Survival of BALB/c mice injected intraperitoneally with WT D39 and a 3-h and an 8-h culture of IDM- ply (A) and - lytA (B). All of the inocula were approximately 102 CFU. The median survival time is indicated by the dashed line. Significant differences in the median survival time of mice injected with a 3-h IDM-ply (A) or -lytA (B) culture versus those for mice injected with an 8-h culture of the IDM- mutants are indicated by an asterisk (*) (*p = 0.031 (without antibiotic) versus **p = 0.037 (erm usage) in IDM-ply; ***p = 0.019 (without antibiotic) and ****p = 0.021(cat usage) in IDM-lytA). Significant differences between mice injected with 8-h WT D39 and those injected with 3-h IDM clones are indicated by a pilcrow (). (p < 0.001(without antibiotic) and ¶¶p = 0.006 (erm usage) when compared to the 3-h IDM-ply; ¶¶¶p = 0.045 (without antibiotic) when compared to the 3 h IDM-lytA).

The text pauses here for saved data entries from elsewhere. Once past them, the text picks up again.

lemma bond_weight_merge:
  assumes fin: "\<And>e. e \<in> E \<Longrightarrow> finite e"
    and bp: "\<forall>e\<in>E. e \<inter> S \<noteq> {} \<longrightarrow> M e = bp_bond D \<mu> e"
    and \<beta>1: "\<beta>1 \<in> extensional (half_edges_at E (- S))"
    \<comment> \<open>\<open>M e\<close> also reads \<open>\<beta> (e, v)\<close> for \<open>v \<notin> e\<close>, where \<open>merge\<close> yields \<open>undefined\<close>\<close>
  shows "bond_weight E M (merge (half_edges_at E (- S)) (half_edges_at E S) (\<beta>1, \<beta>2)) =
    bond_weight_out D \<mu> E S M \<beta>1 * bond_weight_in \<mu> E S \<beta>2"
  unfolding bond_weight_def bond_weight_out_def bond_weight_in_def prod.distrib[symmetric]
proof (rule prod.cong[OF refl])
  fix e assume e: "e \<in> E"
  let ?\<beta> = "merge (half_edges_at E (- S)) (half_edges_at E S) (\<beta>1, \<beta>2)"
  have disj: "half_edges_at E (- S) \<inter> half_edges_at E S = {}"
    by (auto simp: half_edges_at_def)
  have at_out: "?\<beta> (e, v) = \<beta>1 (e, v)" if "v \<in> e - S" for v
    using that e disj by (simp add: half_edges_at_def half_edges_def)
  have at_in: "?\<beta> (e, v) = \<beta>2 (e, v)" if "v \<in> e \<inter> S" for v
    using that e disj by (simp add: half_edges_at_def half_edges_def)
  show "M e (\<lambda>v. ?\<beta> (e, v)) = (if e \<inter> S = {} then M e (\<lambda>v. \<beta>1 (e, v))
      else (\<Prod>v\<in>e - S. msg_into \<mu> e v (\<beta>1 (e, v))) / Imsg D \<mu> e) *
      (\<Prod>v\<in>e \<inter> S. msg_into \<mu> e v (\<beta>2 (e, v)))"
  proof (cases "e \<inter> S = {}")
    case True
    have "?\<beta> (e, v) = \<beta>1 (e, v)" for v
    proof (cases "v \<in> e")
      case False
      then have "(e, v) \<notin> half_edges_at E (- S) \<union> half_edges_at E S"
        by (auto simp: half_edges_at_def half_edges_def)
      then show ?thesis using \<beta>1 by (simp add: merge_def extensional_def)
    qed (use True at_out in auto)
    then show ?thesis using True by simp
  next
    case False
    have "M e (\<lambda>v. ?\<beta> (e, v)) = (\<Prod>v\<in>e. msg_into \<mu> e v (?\<beta> (e, v))) / Imsg D \<mu> e"
      using False bp e fin by (simp add: bp_bond_eq_prod_msg_into)
    also have "(\<Prod>v\<in>e. msg_into \<mu> e v (?\<beta> (e, v))) =
        (\<Prod>v\<in>e - S. msg_into \<mu> e v (?\<beta> (e, v))) * (\<Prod>v\<in>e \<inter> S. msg_into \<mu> e v (?\<beta> (e, v)))"
      using prod.Int_Diff[OF fin[OF e], of _ S] by (simp add: mult.commute)
    also have "\<dots> = (\<Prod>v\<in>e - S. msg_into \<mu> e v (\<beta>1 (e, v))) *
        (\<Prod>v\<in>e \<inter> S. msg_into \<mu> e v (\<beta>2 (e, v)))"
      using at_out at_in by (intro arg_cong2[where f = "(*)"] prod.cong) simp_all
    finally show ?thesis using False by simp
  qed
qed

Similarly, the median survival time of mice subjected to IP injection with 102 CFU of a 3-h culture of IDM-lytA was significantly longer than that following injection with the same amount of an 8-h IDM-lytA culture (8.5 vs. 2 days, p = 0.019 with no antibiotic; 2.5 vs. 2 days, p = 0.021 with cat) (Figure 8B). The survival rates for the two groups were 50% and 40%, respectively, at 14 days post-inoculation. None of the mice survived longer than 3 days post-inoculation with an 8-h culture of IDM-lytA. Like the IDM-ply mutant, the 3-h IDM-lytA culture had attenuated virulence in mice, demonstrated by a decreased mortality rate (p = 0.045 for non-supplemented BHI), when compared to the 8-h D39 culture. Overall, the 3-h IDM mutants were less virulent than the 8-h IDM mutants. The survival of mice injected with 8-h IDM-ply or -lytA culture was almost identical to that of mice injected with WT D39.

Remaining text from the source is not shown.